I'm running a genetic hyperparameter search algorithm and it quickly saturates all available memory.
After a few tests it looks like the amount of memory required by keras increases both between different epochs and when training different models. The problem becomes a lot worse as the minibatch size increases, a minibatch size of 1~5 at least gives me enough time to see the memory usage rise up really fast in the first few fits and then slowly but steadily keep increasing over time.
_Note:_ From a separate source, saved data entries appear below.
lemma nn_integral_powr_from_0_finite:
  fixes q c :: real assumes "q > -1" "c \<ge> 0"
  shows "(\<integral>\<^sup>+ y. ennreal (indicator {0..c} y * y powr q) \<partial>lborel) < \<infinity>"
proof -
  have "((\<lambda>y. y powr q) has_integral (c powr (q+1) / (q+1))) {0..c}"
    using assms by (rule has_integral_powr_from_0)
  then have "((\<lambda>y. if y \<in> {0..c} then y powr q else 0) has_integral (c powr (q+1) / (q+1))) UNIV"
    by (subst has_integral_restrict_UNIV)
  moreover have "(\<lambda>y. if y \<in> {0..c} then y powr q else 0) = (\<lambda>y. indicator {0..c} y * y powr q)"
    by (auto simp: indicator_def)
  ultimately have "((\<lambda>y. indicator {0..c} y * y powr q) has_integral (c powr (q+1) / (q+1))) UNIV"
    by simp
  then have "integral\<^sup>N lborel (\<lambda>y. indicator {0..c} y * y powr q) = c powr (q+1) / (q+1)"
    by (intro nn_integral_has_integral_lborel) auto
  then show ?thesis by simp
qed

lemma nn_integral_powr_to_endpoint_finite:
  fixes q c :: real assumes "q > -1" "c \<ge> 0"
  shows "(\<integral>\<^sup>+ x. ennreal (indicator {0..c} x * (c - x) powr q) \<partial>lborel) < \<infinity>"
proof -
  define f where "f = (\<lambda>x::real. ennreal (indicator {0..c} x * (c - x) powr q))"
  have [measurable]: "f \<in> borel_measurable borel" unfolding f_def by measurable
  have "integral\<^sup>N lborel f = (\<integral>\<^sup>+ x. f (c + -1 * x) \<partial>lborel)"
    using nn_integral_real_affine[of f "-1" c] by simp
  also have "(\<lambda>x. f (c + -1 * x)) = (\<lambda>x. ennreal (indicator {0..c} x * x powr q))"
    by (rule ext) (auto simp: f_def indicator_def)
  finally show ?thesis using nn_integral_powr_from_0_finite[OF assms] unfolding f_def by simp
qed
lemma l1_dist_update_right:
  assumes "k < length y" "length x = length y"
  shows "l1_dist x (y[k := v]) = l1_dist x y + \<bar>int (x!k) - int v\<bar> - \<bar>int (x!k) - int (y!k)\<bar>"
proof -
  let ?f = "\<lambda>w j. \<bar>int (x!j) - int (w!j)\<bar>"
  have k: "k \<in> {..<length x}" using assms by simp
  have "(\<Sum>j\<in>{..<length x} - {k}. ?f (y[k := v]) j) = (\<Sum>j\<in>{..<length x} - {k}. ?f y j)"
    by (rule sum.cong) auto
  then show ?thesis
    unfolding l1_dist_def using assms
      sum.remove[OF _ k, of "?f y"] sum.remove[OF _ k, of "?f (y[k := v])"] by simp
qed

lemma l1_dist_update_le:
  assumes "k < length y" "length x = length y"
  shows "l1_dist x (y[k := v]) \<le> l1_dist x y + \<bar>int v - int (y!k)\<bar>"
  using l1_dist_update_right[OF assms, of v] by linarith

lemma l1_dist_update_toward:
  assumes "k < length y" "length x = length y"
    and "\<bar>int (x!k) - int v\<bar> + 1 = \<bar>int (x!k) - int (y!k)\<bar>"
  shows "l1_dist x (y[k := v]) = l1_dist x y - 1"
  using l1_dist_update_right[OF assms(1,2), of v] assms(3) by linarith

lemma l1_dist_update_toward_left:
  assumes "k < length x" "length x = length y"
    and "\<bar>int v - int (y!k)\<bar> + 1 = \<bar>int (x!k) - int (y!k)\<bar>"
  shows "l1_dist (x[k := v]) y = l1_dist x y - 1"
proof -
  have "l1_dist (x[k := v]) y = l1_dist y (x[k := v])" using assms(2) by (simp add: l1_dist_commute)
  also have "\<dots> = l1_dist y x - 1"
    using assms by (intro l1_dist_update_toward) (auto simp: abs_minus_commute)
  finally show ?thesis using assms(2) by (simp add: l1_dist_commute)
qed

lemma l1_dist_ins_both:
  assumes "length x = length y" "k < length x" "l < length x" "y!k < x!k" "x!l < y!l"
  shows "l1_dist (x[l := x!l + 1]) (y[k := y!k + 1]) = l1_dist x y - 2"
proof -
  have "k \<noteq> l" using assms(4,5) by auto
  then have "l1_dist (x[l := x!l + 1]) (y[k := y!k + 1]) = l1_dist (x[l := x!l + 1]) y - 1"
    using assms by (intro l1_dist_update_toward) auto
  also have "\<dots> = l1_dist x y - 2"
    using assms by (subst l1_dist_update_toward_left) auto
  finally show ?thesis .
qed

lemma l1_dist_del_both:
  assumes "length x = length y" "k < length x" "l < length x" "y!k < x!k" "x!l < y!l"
  shows "l1_dist (x[k := x!k - 1]) (y[l := y!l - 1]) = l1_dist x y - 2"
proof -
  have "k \<noteq> l" using assms(4,5) by auto
  then have "l1_dist (x[k := x!k - 1]) (y[l := y!l - 1]) = l1_dist (x[k := x!k - 1]) y - 1"
    using assms by (intro l1_dist_update_toward) auto
  also have "\<dots> = l1_dist x y - 2"
    using assms by (subst l1_dist_update_toward_left) auto
  finally show ?thesis .
qed

lemma l1_dist_substitute:
  assumes "length x = length y" "k < length x" "l < length x" "y!k < x!k" "x!l < y!l"
  shows "l1_dist (x[k := x!k - 1, l := x!l + 1]) y = l1_dist x y - 2"
proof -
  have "k \<noteq> l" using assms(4,5) by auto
  then have "l1_dist (x[k := x!k - 1, l := x!l + 1]) y = l1_dist (x[k := x!k - 1]) y - 1"
    using assms by (intro l1_dist_update_toward_left) auto
  also have "\<dots> = l1_dist x y - 2"
    using assms by (subst l1_dist_update_toward_left) auto
  finally show ?thesis .
qed
text \<open>Cover the disc by the dyadic annuli \<open>1 - 2^-k \<le> |z| < 1 - 2^-(k+1)\<close>: on the \<open>k\<close>-th one
  the integrand is at most \<open>2^-(k+1)\<beta>\<close> and the area at most \<open>2\<pi> 2^-(k+1)\<close>, which gives a
  geometric series with ratio \<open>2^-(\<beta>+1) < 1\<close>.\<close>
lemma nn_integral_disc_boundary_distance_powr_finite:
  fixes \<beta> :: real
  assumes "-1 < \<beta>" "\<beta> \<le> 0"
  shows "(\<integral>\<^sup>+ z. ennreal ((1 - cmod z) powr \<beta>) * indicator disc z \<partial>lborel) < \<infinity>"
proof -
  define A where "A k = ball (0::complex) (1 - (1/2)^Suc k) - ball 0 (1 - (1/2)^k)" for k
  define C where "C k = ((1/2::real)^Suc k) powr \<beta>" for k
  define q where "q = (1/2::real) powr (\<beta> + 1)"
  have "q < 1"
    unfolding q_def using assms(1) powr_less_mono'[of "1/2" 0 "\<beta> + 1"] by simp
  have [measurable]: "A k \<in> sets borel" for k
    unfolding A_def by (intro sets.Diff) auto
  have dominated: "ennreal ((1 - cmod z) powr \<beta>) * indicator disc z
      \<le> (\<Sum>k. ennreal (C k) * indicator (A k) z)" for z
  proof (cases "z \<in> disc")
    case True
    then obtain k where k: "1 - (1/2)^k \<le> cmod z" "cmod z < 1 - (1/2)^Suc k"
      using dyadic_annulus_index[of "cmod z"] by auto
    have "(1 - cmod z) powr \<beta> \<le> C k"
      unfolding C_def by (rule powr_mono2') (use assms k in auto)
    then have "ennreal ((1 - cmod z) powr \<beta>) * indicator disc z \<le> ennreal (C k) * indicator (A k) z"
      using True k by (auto simp: A_def intro: ennreal_leI)
    also have "\<dots> \<le> (\<Sum>k. ennreal (C k) * indicator (A k) z)"
      using sum_le_suminf[OF summableI, of "{k}"] by simp
    finally show ?thesis .
  qed simp
  have annulus_term: "ennreal (C k) * emeasure lborel (A k) \<le> ennreal (2 * pi * q^Suc k)" for k
  proof -
    have "C k * (1/2)^Suc k = ((1/2::real)^Suc k) powr (\<beta> + 1)"
      by (simp add: C_def powr_add)
    also have "\<dots> = ((1/2::real) powr real (Suc k)) powr (\<beta> + 1)"
      by (subst powr_realpow) auto
    also have "\<dots> = q^Suc k"
      unfolding q_def powr_powr by (subst powr_power) (auto simp: mult.commute)
    finally have "C k * (1/2)^Suc k = q^Suc k" .
    then have "ennreal (C k) * ennreal (2 * pi * (1/2)^Suc k) = ennreal (2 * pi * q^Suc k)"
      by (simp add: C_def ennreal_mult'[symmetric] algebra_simps)
    then show ?thesis
      using mult_left_mono[OF emeasure_lborel_dyadic_annulus_le[of k], of "ennreal (C k)"]
      by (simp add: A_def)
  qed
  have "(\<integral>\<^sup>+ z. ennreal ((1 - cmod z) powr \<beta>) * indicator disc z \<partial>lborel)
      \<le> (\<integral>\<^sup>+ z. (\<Sum>k. ennreal (C k) * indicator (A k) z) \<partial>lborel)"
    by (intro nn_integral_mono dominated)
  also have "\<dots> = (\<Sum>k. ennreal (C k) * emeasure lborel (A k))"
    by (subst nn_integral_suminf) (auto intro!: suminf_cong nn_integral_cmult_indicator)
  also have "\<dots> \<le> (\<Sum>k. ennreal (2 * pi * q^Suc k))"
    by (intro suminf_le summableI annulus_term)
  also have "\<dots> = ennreal (\<Sum>k. 2 * pi * q^Suc k)"
    using \<open>q < 1\<close> by (intro suminf_ennreal2)
      (auto intro!: summable_mult summable_geometric simp: q_def power_Suc)
  finally show ?thesis
    by (simp add: order_le_less_trans)
qed
locale standardized_distribution = real_distribution \<mu> for \<mu> +
  assumes integrable_square: "integrable \<mu> (\<lambda>t. t\<^sup>2)"
    and expectation_square: "(\<integral>t. t\<^sup>2 \<partial>\<mu>) = 1"
    and expectation_id: "(\<integral>t. t \<partial>\<mu>) = 0"
    and integrable_abs_cube: "integrable \<mu> (\<lambda>t. \<bar>t\<bar> ^ 3)"
begin

abbreviation third_moment :: real where
  "third_moment \<equiv> \<integral>t. \<bar>t\<bar> ^ 3 \<partial>\<mu>"

lemma integrable_id: "integrable \<mu> (\<lambda>t. t)"
proof (rule Bochner_Integration.integrable_bound[where f="\<lambda>t. 1 + t\<^sup>2"])
  have "\<bar>t\<bar> \<le> 1 + t\<^sup>2" for t :: real
    using sum_power2_ge_zero[of "\<bar>t\<bar> - 1" 0] by (simp add: power2_eq_square field_simps)
  then show "AE t in \<mu>. norm t \<le> norm (1 + t\<^sup>2)" by simp
qed (use integrable_square in auto)

lemma integrable_abs: "integrable \<mu> (\<lambda>t. \<bar>t\<bar>)"
  using integrable_id by simp

lemma expectation_abs_le_1: "(\<integral>t. \<bar>t\<bar> \<partial>\<mu>) \<le> 1"
proof -
  have "(\<integral>t. \<bar>t\<bar> \<partial>\<mu>) \<le> (\<integral>t. (1 + t\<^sup>2)/2 \<partial>\<mu>)"
  proof (rule integral_mono[OF integrable_abs])
    show "integrable \<mu> (\<lambda>t. (1 + t\<^sup>2)/2)" using integrable_square by auto
    fix t :: real show "\<bar>t\<bar> \<le> (1 + t\<^sup>2)/2"
      using sum_power2_ge_zero[of "\<bar>t\<bar> - 1" 0] by (simp add: power2_eq_square field_simps)
  qed
  also have "\<dots> = 1" using integrable_square expectation_square prob_space by simp
  finally show ?thesis .
qed

lemma third_moment_ge_1: "third_moment \<ge> 1"
proof -
  have "1 = (\<integral>t. t\<^sup>2 \<partial>\<mu>)" using expectation_square by simp
  also have "\<dots> \<le> (\<integral>t. (\<bar>t\<bar> + \<bar>t\<bar>^3)/2 \<partial>\<mu>)"
  proof (rule integral_mono[OF integrable_square])
    show "integrable \<mu> (\<lambda>t. (\<bar>t\<bar> + \<bar>t\<bar>^3)/2)" using integrable_abs integrable_abs_cube by auto
    fix t :: real
    have "0 \<le> \<bar>t\<bar> * (\<bar>t\<bar> - 1)\<^sup>2" by simp
    then show "t\<^sup>2 \<le> (\<bar>t\<bar> + \<bar>t\<bar>^3)/2"
      by (simp add: power2_eq_square power3_eq_cube algebra_simps)
  qed
  also have "\<dots> = ((\<integral>t. \<bar>t\<bar> \<partial>\<mu>) + third_moment)/2"
    using integrable_abs integrable_abs_cube by simp
  finally show ?thesis using expectation_abs_le_1 by simp
qed
lemma caratheodory_preserving_imp_vanishing:
  assumes H: "\<forall>f\<in>caratheodory_class. weighted_comp (ell \<circ> \<omega>) \<phi> f \<in> caratheodory_class"
    and inner: "inner_function \<omega>" and \<omega>_lt: "\<And>z. z \<in> unit_disc \<Longrightarrow> cmod (\<omega> z) < 1"
    and hol_\<phi>: "\<phi> holomorphic_on unit_disc" and \<phi>_lt: "\<And>z. z \<in> unit_disc \<Longrightarrow> cmod (\<phi> z) < 1"
    and z: "z \<in> unit_disc"
  shows "\<phi> z = 0"
proof -
  have "(\<lambda>z. \<phi> z * (1 - (\<omega> z)\<^sup>2)) holomorphic_on unit_disc"
    using hol_\<phi> inner_function_holomorphic[OF inner] by (intro holomorphic_intros)
  moreover have "cmod (\<phi> w * (1 - (\<omega> w)\<^sup>2)) \<le> 3/2 * (1 - (cmod (\<omega> w))\<^sup>2)" if "w \<in> unit_disc" for w
    using caratheodory_preserving_pointwise_bound[OF H that \<omega>_lt[OF that] \<phi>_lt[OF that]] .
  ultimately have "\<phi> z * (1 - (\<omega> z)\<^sup>2) = 0"
    using holomorphic_eq_0_if_dominated_by_inner_defect[OF inner] z by blast
  moreover have "cmod ((\<omega> z)\<^sup>2) < 1"
    using \<omega>_lt[OF z] by (simp add: norm_power power_less_one_iff)
  then have "(\<omega> z)\<^sup>2 \<noteq> 1"
    by auto
  ultimately show ?thesis
    by simp
qed

theorem proposition3p2:
  fixes \<omega> \<phi> :: "complex \<Rightarrow> complex"
  assumes "inner_function \<omega>" and "\<omega> 0 = 0"
    and "\<phi> analytic_on unit_disc" and "\<phi> ` unit_disc \<subseteq> unit_disc"
  shows "(\<forall>f\<in>caratheodory_class. weighted_comp (ell \<circ> \<omega>) \<phi> f \<in> caratheodory_class)
         \<longleftrightarrow> (\<forall>z\<in>unit_disc. \<phi> z = 0)"
proof
  have \<omega>_lt: "cmod (\<omega> z) < 1" if "z \<in> unit_disc" for z
    using inner_function_norm_less_1[OF assms(1,2) that] .
  have \<phi>_lt: "cmod (\<phi> z) < 1" if "z \<in> unit_disc" for z
    using assms(4) that by (auto simp: unit_disc_def subset_iff)
  show "\<forall>z\<in>unit_disc. \<phi> z = 0"
    if "\<forall>f\<in>caratheodory_class. weighted_comp (ell \<circ> \<omega>) \<phi> f \<in> caratheodory_class"
    using caratheodory_preserving_imp_vanishing[OF that assms(1) \<omega>_lt _ \<phi>_lt] assms(3)
    by (simp add: analytic_on_unit_disc_iff)
  have ell_\<omega>: "(\<lambda>z. ell (\<omega> z)) \<in> caratheodory_class"
    using inner_function_holomorphic[OF assms(1)] \<omega>_lt assms(2) by (rule ell_comp_in_caratheodory_class)
  show "\<forall>f\<in>caratheodory_class. weighted_comp (ell \<circ> \<omega>) \<phi> f \<in> caratheodory_class"
    if "\<forall>z\<in>unit_disc. \<phi> z = 0"
    using that by (intro ballI caratheodory_class_cong[OF ell_\<omega>])
      (simp add: weighted_comp_def caratheodory_class_def)
qed

end
(* Assume the rearrangement setting described in the context, with $R$ a poset. Assume moreover that: - $\beta$ is a bijection $X\to Y$ which is a homomorphism from $R|_X$ to $R|_Y$; - for every $x\in X$, $N^{in}_R(x)\setminus M\subseteq N^{in}_R(\beta(x))$ and $N^{out}_R(x)\setminus M\subseteq N^{out}_R(\beta(x))$; - $X$ is convex in $R$; - there is no walk in $R$ from $M$ to $Y$ and no walk in $R$ from $Y$ to $M$. Let $T$ be the transitive hull of $S$. Then $T$ is a poset and $R\sqsubseteq_\Gamma T$ with respect to $\mathfrak{D}$.
   Context: **Digraphs and homomorphisms.** - A digraph $G$ is a pair $(V(G),A(G))$, where $V(G)$ is a finite non-empty set and $A(G)\subseteq V(G)\times V(G)$. Arcs are written $vw$. - A poset is a reflexive, antisymmetric, transitive digraph. - A homomorphism $\xi:G\to H$ is a map $V(G)\to V(H)$ with $\xi(v)\xi(w)\in A(H)$ for all $vw\in A(G)$. $\mathcal{H}(G,H)$ is the set of homomorphisms. - Two vertices $u,w$ are adjacent if $uw\in A(G)$ or $wu\in A(G)$. - $N_G(v)$ is the set of $w\ne v$ adjacent to $v$. $N^{in}_G(v)=\{w\in N_G(v):wv\in A(G)\}$ and $N^{out}_G(v)=\{w\in N_G(v):vw\in A(G)\}$. - $G|_X$ is the induced subdigraph on $X$. - A walk is a sequence $v_0,\dots,v_I$ with $I\ge1$ and $v_{i-1}v_i\in A(G)$. A walk from $A$ to $B$ is one with $v_0\in A$ and $v_I\in B$. - A set $X$ is convex if every walk starting and ending in $X$ has all its vertices in $X$. - The transitive hull of $G$ is the digraph on $V(G)$ whose arc set is the smallest transitive relation containing $A(G)$. - $\mathfrak{D}$ is the class of all digraphs. **Rearrangement setting.** - $R=(Z,A(R))$ is a digraph. - $X,M\subseteq Z$ are disjoint. - $Y\subseteq Z$ satisfies $M\cap Y=\emptyset$ and $M\cap N_R(y)=\emptyset$ for all $y\in Y$. - $\beta:X\to Y$ is a map. - $S$ is the digraph with $V(S)=Z$ and $A(S)=A_r\cup A_d\cup A_u$, where: - $A_r=A(R)\setminus((M\times X)\cup(X\times M))$; - $A_d=\{m\beta(x): mx\in A(R)\cap(M\times X)\}$; - $A_u=\{\beta(x)m: xm\in A(R)\cap(X\times M)\}$. **Connectivity and schemes.** - For $X'\subseteq V(G)$ and $v,w\in X'$, the vertices $v$ and $w$ are connected in $X'$ if $v=w$, or if there are $z_0=v,\dots,z_I=w$ in $X'$ with consecutive terms adjacent. - $\gamma_{X'}(v)$ is the set of such $w$. - $\Gamma_\xi(v)=\gamma_{\xi^{-1}(\xi(v))}(v)$. - $\mathfrak{D}_r$ is a fixed system of representatives of $\mathfrak{D}$ up to isomorphism. - $R\sqsubseteq_\Gamma T$ with respect to $\mathfrak{D}$ means there exist injective maps $\rho_G:\mathcal{H}(G,R)\to\mathcal{H}(G,T)$, $G\in\mathfrak{D}_r$, with $\Gamma_{\rho_G(\xi)}(v)=\Gamma_\xi(v)$ for all $G$, $\xi$ and $v$. *)

theory Defs
  imports Main "HOL-Library.FuncSet"
begin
I already checked keras predict memory swap increase indefinitely, Keras: Out of memory when doing hyper parameter grid search, and Keras (TensorFlow, CPU): Training Sequential models in loop eats memory, so I am already clearing keras session and resetting tensorflow's graph after each iteration.
I also tried explicitly deleting the model and history object and running gc.collect() but to no avail.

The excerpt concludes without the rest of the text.